**Records supplied:**
(* As $\ell\to0$, $\frac{F(\omega_1(\ell))+F(\omega_{-1}(\ell))}{2}=F(\kappa)$, $\frac{F(\omega_1(\ell))-F(\omega_{-1}(\ell))}{2}=\Big(F'(\kappa)+(\kappa F''(\kappa)-F'(\kappa))\frac{\ell^2}{2\kappa^2}\Big)\xi_+(\ell)+\frac16F'''(\kappa)\,\xi_+(\ell)^3+O(\ell^5)$, and $\xi_+(\ell)=\ell\sqrt{-\frac{F'(\kappa)}{\kappa F''(\kappa)}}\Big(1+\frac{\ell^2}{2\kappa^2}\Big(\frac34-\frac{F'(\kappa)}{\kappa F''(\kappa)}+\frac\kappa4\Big(\frac{F''(\kappa)}{F'(\kappa)}-2\frac{F'''(\kappa)}{F''(\kappa)}\Big)+\frac{\kappa}{12}\frac{F''''(\kappa)F'(\kappa)}{F''(\kappa)^2}\Big)\Big)+O(\ell^5)$.
   Context: Fix $\kappa>0$ and set $\mu_0:=\kappa/\tanh(\kappa)$. Let $F:\mathbb R\to\mathbb R$ be the odd analytic function with $F(r)=\sqrt{r\tanh r}$ for $r\ge0$ (one has $F'>0$ and $F''(\kappa)<0$). For $n\in\mathbb Z$, $(\ell,\xi)\in\mathbb R^2$ set $|n\kappa|_{\ell,\xi}:=\sqrt{(n\kappa+\xi)^2+\ell^2}$ and $\lambda^\pm_{n,\ell,\xi}:=i(n\kappa+\xi\pm\sqrt{\mu_0}F(|n\kappa|_{\ell,\xi}))$. Let $\xi_+$ be the odd analytic function defined near $0$ with $\xi_+'(0)>0$ such that $\lambda^-_{1,\ell,\xi_+(\ell)}=\lambda^+_{-1,\ell,\xi_+(\ell)}$ for all small $\ell$, and set $\omega_j(\ell):=\sqrt{(j\kappa+\xi_+(\ell))^2+\ell^2}$ for $j\in\mathbb Z$. *)

theory Defs
  imports "HOL-Analysis.Analysis" "HOL-Library.Landau_Symbols"
begin

definition Fw :: "real \<Rightarrow> real" where
  "Fw r = sgn r * sqrt (r * tanh r)"

definition Fd :: "nat \<Rightarrow> real \<Rightarrow> real" where
  "Fd k = (deriv ^^ k) Fw"

definition mu0 :: "real \<Rightarrow> real" where
  "mu0 \<kappa> = \<kappa> / tanh \<kappa>"

definition absn :: "real \<Rightarrow> int \<Rightarrow> real \<Rightarrow> real \<Rightarrow> real" where
  "absn \<kappa> n l \<xi> = sqrt ((of_int n * \<kappa> + \<xi>)^2 + l^2)"

definition lam_plus :: "real \<Rightarrow> int \<Rightarrow> real \<Rightarrow> real \<Rightarrow> complex" where
  "lam_plus \<kappa> n l \<xi> = \<i> * complex_of_real (of_int n * \<kappa> + \<xi> + sqrt (mu0 \<kappa>) * Fw (absn \<kappa> n l \<xi>))"

definition lam_minus :: "real \<Rightarrow> int \<Rightarrow> real \<Rightarrow> real \<Rightarrow> complex" where
  "lam_minus \<kappa> n l \<xi> = \<i> * complex_of_real (of_int n * \<kappa> + \<xi> - sqrt (mu0 \<kappa>) * Fw (absn \<kappa> n l \<xi>))"

definition real_analytic_on :: "(real \<Rightarrow> real) \<Rightarrow> real set \<Rightarrow> bool" where
  "real_analytic_on f S \<longleftrightarrow> (\<forall>x\<in>S. \<exists>r>0. \<exists>c::nat \<Rightarrow> real.
      \<forall>y. \<bar>y - x\<bar> < r \<longrightarrow> (\<lambda>n. c n * (y - x)^n) sums f y)"

definition omega :: "real \<Rightarrow> (real \<Rightarrow> real) \<Rightarrow> int \<Rightarrow> real \<Rightarrow> real" where
  "omega \<kappa> xi j l = sqrt ((of_int j * \<kappa> + xi l)^2 + l^2)"

end

theory Submission
  imports Defs "HOL-Computational_Algebra.Polynomial" "HOL-Complex_Analysis.Cauchy_Integral_Formula"
begin

text \<open>
  Write \<open>\<xi>\<^sub>+(l) = l y(l)\<close>, where \<open>y(l) \<rightarrow> \<xi>\<^sub>+'(0) > 0\<close>.  Then \<open>\<omega>\<^sub>\<plusminus>\<^sub>1 = \<kappa> \<surd>(1 + t\<^sub>\<plusminus>)\<close>
  with \<open>t\<^sub>\<plusminus> = \<plusminus>l Y + l\<^sup>2 Z\<close>, \<open>Y = 2y/\<kappa>\<close>, \<open>Z = (1 + y\<^sup>2)/\<kappa>\<^sup>2\<close>, so both \<open>F(\<omega>\<^sub>\<plusminus>\<^sub>1)\<close> are values of
  \<open>G(t) = F(\<kappa> \<surd>(1 + t))\<close>, whose Taylor polynomial of degree 5 at \<open>0\<close> comes from those of
  \<open>F\<close> at \<open>\<kappa>\<close> and of \<open>\<surd>(1 + t)\<close> at \<open>0\<close>; \<open>F\<close> is smooth on \<open>(0, \<infinity>)\<close> because it extends
  holomorphically.  The resonance condition is exactly \<open>F(\<omega>\<^sub>1) + F(\<omega>\<^sub>-\<^sub>1) = 2 F(\<kappa>)\<close>.
  The odd part of the Taylor polynomial at \<open>t\<^sub>\<plusminus>\<close> gives the second expansion.  The even part,
  which the resonance condition forces to vanish, yields
  \<open>\<kappa>\<^sup>2 F''(\<kappa>)/2 y\<^sup>2 + \<kappa> F'(\<kappa>)/2 + l\<^sup>2 B(y\<^sup>2) = O(l\<^sup>4)\<close> for a polynomial \<open>B\<close>; expanding
  its positive root to order \<open>l\<^sup>2\<close> gives the third.
\<close>

section \<open>Smoothness of \<open>F\<close> on the positive axis\<close>

lemma cosh_of_real: "cosh (complex_of_real x) = of_real (cosh x)"
  and sinh_of_real: "sinh (complex_of_real x) = of_real (sinh x)"
  by (simp_all add: cosh_def sinh_def exp_of_real scaleR_conv_of_real flip: exp_of_real)

lemma tanh_of_real: "tanh (complex_of_real x) = of_real (tanh x)"
  by (simp add: tanh_def cosh_of_real sinh_of_real)

definition Fc :: "complex \<Rightarrow> complex" where
  "Fc z = csqrt (z * tanh z)"

definition Fc_domain :: "complex set" where
  "Fc_domain = {z. cosh z \<noteq> 0} \<inter> (\<lambda>z. z * tanh z) -` (- \<real>\<^sub>\<le>\<^sub>0)"

lemma open_Fc_domain: "open Fc_domain"
proof -
  have "continuous_on {z::complex. cosh z \<noteq> 0} (\<lambda>z. z * tanh z)"
    unfolding tanh_def by (intro continuous_intros) auto
  moreover have "open {z::complex. cosh z \<noteq> 0}"
    by (intro open_Collect_neq continuous_intros)
  ultimately show ?thesis
    unfolding Fc_domain_def by (intro continuous_open_preimage) auto
qed

lemma holomorphic_Fc: "Fc holomorphic_on Fc_domain"
  unfolding holomorphic_on_open[OF open_Fc_domain]
  unfolding Fc_def Fc_domain_def by (auto intro!: derivative_eq_intros)

lemma of_real_in_Fc_domain:
  assumes "x > 0"
  shows "complex_of_real x \<in> Fc_domain"
proof -
  have "x * tanh x > 0"
    using assms by simp
  then show ?thesis
    unfolding Fc_domain_def
    by (auto simp: cosh_of_real tanh_of_real complex_nonpos_Reals_iff simp flip: of_real_mult)
qed

lemma has_real_derivative_Re_higher_deriv_Fc:
  assumes "x > 0"
  shows "((\<lambda>t. Re ((deriv ^^ n) Fc (of_real t))) has_real_derivative
           Re ((deriv ^^ Suc n) Fc (of_real x))) (at x)"
proof -
  have "((deriv ^^ n) Fc has_field_derivative (deriv ^^ Suc n) Fc (of_real x)) (at (of_real x))"
    using holomorphic_derivI[OF holomorphic_higher_deriv[OF holomorphic_Fc open_Fc_domain]
        open_Fc_domain of_real_in_Fc_domain[OF assms]]
    by simp
  then show ?thesis
    by (intro has_field_derivative_Re has_vector_derivative_real_field)
qed
lemma norm_Q_integrand_le:
  assumes "0 \<le> s" "s \<le> 1"
  shows "norm (Q_integrand B Q s) \<le> (norm (mat 1 :: real^'n^'n) * exp (norm B))\<^sup>2 * norm (Q::real^'n^'n)"
proof -
  let ?M = "mexp (s *\<^sub>R B)" and ?K = "norm (mat 1 :: real^'n^'n) * exp (norm B)"
  have "norm (Q_integrand B Q s) \<le> norm (?M ** Q) * norm (transpose ?M)"
    unfolding Q_integrand_def by (rule norm_matrix_mult_le)
  also have "\<dots> \<le> norm ?M * norm Q * norm ?M"
    by (simp add: norm_transpose mult_right_mono norm_matrix_mult_le)
  also have "\<dots> \<le> ?K * norm Q * ?K"
    using norm_mexp_scaleR_le[OF assms, of B] by (intro mult_mono) (auto intro: mult_right_mono)
  finally show ?thesis
    by (simp add: power2_eq_square algebra_simps)
qed

text \<open>For small s, |e^(sB) - I| \<le> 1/2, hence |e^(sB*) x| \<ge> |x|/2.\<close>
lemma Q_integrand_coercive_near_0:
  fixes B Q :: "real^'n^'n"
  assumes "0 \<le> c" and Q: "\<And>v. c * (norm v)\<^sup>2 \<le> v \<bullet> (Q *v v)"
  obtains s0 where "0 < s0" "s0 \<le> 1"
    "\<And>s x. 0 \<le> s \<Longrightarrow> s \<le> s0 \<Longrightarrow> c / 4 * (norm x)\<^sup>2 \<le> x \<bullet> (Q_integrand B Q s *v x)"
proof
  define K where "K = norm (mat 1 :: real^'n^'n) * (exp (norm B) - 1)"
  have "0 \<le> K"
    by (simp add: K_def)
  show "0 < min 1 (1 / (2 * (K + 1)))" "min 1 (1 / (2 * (K + 1))) \<le> 1"
    using \<open>0 \<le> K\<close> by auto
  fix s and x :: "real^'n"
  assume s: "0 \<le> s" "s \<le> min 1 (1 / (2 * (K + 1)))"
  have "norm (mexp (s *\<^sub>R B) - mat 1) \<le> K * s"
    using norm_mexp_scaleR_minus_id_le[of s B] s by (simp add: K_def)
  also have "\<dots> \<le> (K + 1) * (1 / (2 * (K + 1)))"
    using s \<open>0 \<le> K\<close> by (intro mult_mono) auto
  also have "\<dots> = 1/2"
    using \<open>0 \<le> K\<close> by simp
  finally have "norm x / 2 \<le> norm (x v* mexp (s *\<^sub>R B))"
    by (rule norm_vector_matrix_ge_half)
  then have "(norm x / 2)\<^sup>2 \<le> (norm (x v* mexp (s *\<^sub>R B)))\<^sup>2"
    by (rule power_mono) simp
  then have "c * (norm x / 2)\<^sup>2 \<le> c * (norm (x v* mexp (s *\<^sub>R B)))\<^sup>2"
    by (rule mult_left_mono) fact
  then have "c / 4 * (norm x)\<^sup>2 \<le> c * (norm (x v* mexp (s *\<^sub>R B)))\<^sup>2"
    by (simp add: power_divide)
  also have "\<dots> \<le> x \<bullet> (Q_integrand B Q s *v x)"
    unfolding inner_Q_integrand by (rule Q)
  finally show "c / 4 * (norm x)\<^sup>2 \<le> x \<bullet> (Q_integrand B Q s *v x)" .
qed

context
  fixes B Q :: "real^'n^'n"
  assumes integrable: "Q_integrand B Q integrable_on {0..}"
begin

lemma Qt_has_integral: "(Q_integrand B Q has_integral Qt B Q t) {0..t}"
  unfolding Qt_eq_integral
  by (rule integrable_integral, rule integrable_on_subinterval[OF integrable]) auto

lemma Qinf_has_integral: "(Q_integrand B Q has_integral Qinf B Q) {0..}"
  unfolding Qinf_eq_integral by (rule integrable_integral[OF integrable])

lemma symmetric_Qt: "transpose Q = Q \<Longrightarrow> transpose (Qt B Q t) = Qt B Q t"
  by (rule has_integral_symmetric_matrix[OF Qt_has_integral transpose_Q_integrand])

lemma inner_Qt_mono:
  assumes "\<And>v. 0 \<le> v \<bullet> (Q *v v)" "r \<le> t"
  shows "x \<bullet> (Qt B Q r *v x) \<le> x \<bullet> (Qt B Q t *v x)"
  using assms
  by (intro has_integral_subset_le[OF _ has_integral_quadratic_form[OF Qt_has_integral]
        has_integral_quadratic_form[OF Qt_has_integral]]) (auto simp: inner_Q_integrand)

lemma inner_Qt_le_Qinf:
  assumes "\<And>v. 0 \<le> v \<bullet> (Q *v v)"
  shows "x \<bullet> (Qt B Q t *v x) \<le> x \<bullet> (Qinf B Q *v x)"
  using assms
  by (intro has_integral_subset_le[OF _ has_integral_quadratic_form[OF Qt_has_integral]
        has_integral_quadratic_form[OF Qinf_has_integral]]) (auto simp: inner_Q_integrand)

lemma norm_Qt_le:
  obtains M where "0 < M" "\<And>t. 0 \<le> t \<Longrightarrow> t \<le> 1 \<Longrightarrow> norm (Qt B Q t) \<le> M * t"
proof
  let ?M = "(norm (mat 1 :: real^'n^'n) * exp (norm B))\<^sup>2 * norm Q + 1"
  show "0 < ?M"
    by (simp add: add_nonneg_pos)
  fix t :: real
  assume "0 \<le> t" "t \<le> 1"
  have "norm (Q_integrand B Q s) \<le> ?M" if "s \<in> {0..t} - {}" for s
    using norm_Q_integrand_le[of s B Q] that \<open>t \<le> 1\<close> by simp
  from has_integral_bound_real[OF _ finite.emptyI Qt_has_integral[of t] this] \<open>0 \<le> t\<close>
  show "norm (Qt B Q t) \<le> ?M * t"
    by (simp add: add_nonneg_nonneg content_real)
qed

lemma Qt_coercive:
  assumes "0 < c" "\<And>v. c * (norm v)\<^sup>2 \<le> v \<bullet> (Q *v v)"
  obtains c' where "0 < c'" "\<And>t x. 0 < t \<Longrightarrow> t \<le> 1 \<Longrightarrow> c' * t * (norm x)\<^sup>2 \<le> x \<bullet> (Qt B Q t *v x)"
proof -
  have psd: "0 \<le> v \<bullet> (Q *v v)" for v
    by (rule order_trans[OF _ assms(2)]) (use assms(1) in simp)
  obtain s0 where s0: "0 < s0" "s0 \<le> 1"
    and near_0: "\<And>s x. 0 \<le> s \<Longrightarrow> s \<le> s0 \<Longrightarrow> c / 4 * (norm x)\<^sup>2 \<le> x \<bullet> (Q_integrand B Q s *v x)"
    using Q_integrand_coercive_near_0[of c Q B] assms by auto
  show ?thesis
  proof
    show "0 < s0 * (c / 4)"
      using s0 assms by simp
    fix t :: real and x :: "real^'n"
    assume t: "0 < t" "t \<le> 1"
    define r where "r = min t s0"
    have r: "0 \<le> r" "r \<le> t" "r \<le> s0" "s0 * t \<le> r"
      using t s0 by (auto simp: r_def mult_left_le mult_left_le_one_le)
    have "s0 * (c / 4) * t * (norm x)\<^sup>2 \<le> r * (c / 4 * (norm x)\<^sup>2)"
      using mult_right_mono[OF r(4), of "c / 4 * (norm x)\<^sup>2"] assms(1) by (simp add: algebra_simps)
    also have "\<dots> \<le> x \<bullet> (Qt B Q r *v x)"
    proof -
      have "c / 4 * (norm x)\<^sup>2 \<le> x \<bullet> (Q_integrand B Q s *v x)" if "s \<in> {0..r}" for s
        using near_0 r that by auto
      from has_integral_le[OF has_integral_const_real has_integral_quadratic_form[OF Qt_has_integral[of r]] this]
      show ?thesis
        using r by (simp add: content_real)
    qed
    also have "\<dots> \<le> x \<bullet> (Qt B Q t *v x)"
      by (rule inner_Qt_mono[OF psd r(2)])
    finally show "s0 * (c / 4) * t * (norm x)\<^sup>2 \<le> x \<bullet> (Qt B Q t *v x)" .
  qed
qed

end

section \<open>The kernel\<close>

definition KUO_prefactor :: "real^'n^'n \<Rightarrow> real^'n^'n \<Rightarrow> real \<Rightarrow> real" where
  "KUO_prefactor B Q t =
     inverse ((2 * pi) ^ CARD('n)) * inverse (sqrt (det (Qinf B Q) * det (Qt B Q t))) * exp (t * trace B)"

definition KUO_exponent :: "real^'n^'n \<Rightarrow> real^'n^'n \<Rightarrow> real \<Rightarrow> real^'n \<Rightarrow> real" where
  "KUO_exponent B Q t y = ((matrix_inv (Qt B Q t) - matrix_inv (Qinf B Q)) *v y) \<bullet> y"

lemma KUO_factorization:
  "KUO B Q t x u =
     KUO_prefactor B Q t * exp (- KUO_exponent B Q t (x - Dt B Q t *v u) / 2) * exp (- Rfun B Q x)"
  by (simp add: KUO_def KUO_prefactor_def KUO_exponent_def algebra_simps)

context
  fixes B Q :: "real^'n^'n"
  assumes Q: "sym_pos_def_mat Q"
    and integrable: "Q_integrand B Q integrable_on {0..}"
begin

lemma Q_psd: "0 \<le> v \<bullet> (Q *v v)"
  using Q unfolding sym_pos_def_mat_def by (cases "v = 0") auto

lemma Q_coercive:
  obtains c where "0 < c" "\<And>v. c * (norm v)\<^sup>2 \<le> v \<bullet> (Q *v v)"
proof -
  have "0 < x \<bullet> (Q *v x)" if "x \<noteq> 0" for x
    using Q that by (simp add: sym_pos_def_mat_def)
  then show ?thesis
    by (rule pos_def_coercive[OF _ that])
qed

lemma Qt_lower_bound:
  obtains c where "0 < c" "\<And>t x. 0 < t \<Longrightarrow> t \<le> 1 \<Longrightarrow> c * t * (norm x)\<^sup>2 \<le> x \<bullet> (Qt B Q t *v x)"
proof -
  obtain c where "0 < c" "\<And>v. c * (norm v)\<^sup>2 \<le> v \<bullet> (Q *v v)"
    using Q_coercive by blast
  then show ?thesis
    by (rule Qt_coercive[OF integrable _ _ that])
qed

lemma Qt_pos_def:
  assumes "0 < t" "t \<le> 1" "x \<noteq> 0"
  shows "0 < x \<bullet> (Qt B Q t *v x)"
proof -
  obtain c where c: "0 < c" "\<And>t x. 0 < t \<Longrightarrow> t \<le> 1 \<Longrightarrow> c * t * (norm x)\<^sup>2 \<le> x \<bullet> (Qt B Q t *v x)"
    using Qt_lower_bound by blast
  have "0 < c * t * (norm x)\<^sup>2"
    using c(1) assms by simp
  also have "\<dots> \<le> x \<bullet> (Qt B Q t *v x)"
    using c(2) assms by blast
  finally show ?thesis .
qed

lemma Qinf_pos_def: "x \<noteq> 0 \<Longrightarrow> 0 < x \<bullet> (Qinf B Q *v x)"
  using Qt_pos_def[of 1 x] inner_Qt_le_Qinf[OF integrable Q_psd, of x 1] by simp

lemma det_Qt_lower_bound:
  obtains m where "0 < m" "\<And>t. 0 < t \<Longrightarrow> t \<le> 1 \<Longrightarrow> m * t ^ CARD('n) \<le> det (Qt B Q t)"
proof -
  obtain M where "0 < M" and M: "\<And>t. 0 \<le> t \<Longrightarrow> t \<le> 1 \<Longrightarrow> norm (Qt B Q t) \<le> M * t"
    using norm_Qt_le[OF integrable] by blast
  obtain c where "0 < c" and c: "\<And>t x. 0 < t \<Longrightarrow> t \<le> 1 \<Longrightarrow> c * t * (norm x)\<^sup>2 \<le> x \<bullet> (Qt B Q t *v x)"
    using Qt_lower_bound by blast
  obtain m where "0 < m"
    and m: "\<And>A::real^'n^'n. norm A \<le> M \<Longrightarrow> (\<And>x. c * (norm x)\<^sup>2 \<le> x \<bullet> (A *v x)) \<Longrightarrow> m \<le> det A"
    using det_lower_bound_coercive[OF \<open>0 < c\<close>] by blast
  show ?thesis
  proof (rule that[OF \<open>0 < m\<close>])
    fix t :: real
    assume t: "0 < t" "t \<le> 1"
    define A where "A = (1 / t) *\<^sub>R Qt B Q t"
    have "norm A \<le> M"
      using M[of t] t by (simp add: A_def divide_le_eq mult.commute)
    moreover have "c * (norm x)\<^sup>2 \<le> x \<bullet> (A *v x)" for x
      using c[OF t, of x] t
      by (simp add: A_def scaleR_matrix_vector_assoc[symmetric] le_divide_eq mult.commute mult.left_commute)
    ultimately have "m \<le> det A"
      by (rule m)
    moreover have "Qt B Q t = t *\<^sub>R A"
      using t by (simp add: A_def)
    ultimately show "m * t ^ CARD('n) \<le> det (Qt B Q t)"
      using t by (simp add: det_scaleR mult.commute)
  qed
qed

**Task directions:** Write down exactly the span of lines above from the one containing "2 \<le> norm" to the one containing "by (simp add: power_divide)", both ends included.

**Problem solution:**
  finally have "norm x / 2 \<le> norm (x v* mexp (s *\<^sub>R B))"
    by (rule norm_vector_matrix_ge_half)
  then have "(norm x / 2)\<^sup>2 \<le> (norm (x v* mexp (s *\<^sub>R B)))\<^sup>2"
    by (rule power_mono) simp
  then have "c * (norm x / 2)\<^sup>2 \<le> c * (norm (x v* mexp (s *\<^sub>R B)))\<^sup>2"
    by (rule mult_left_mono) fact
  then have "c / 4 * (norm x)\<^sup>2 \<le> c * (norm (x v* mexp (s *\<^sub>R B)))\<^sup>2"
    by (simp add: power_divide)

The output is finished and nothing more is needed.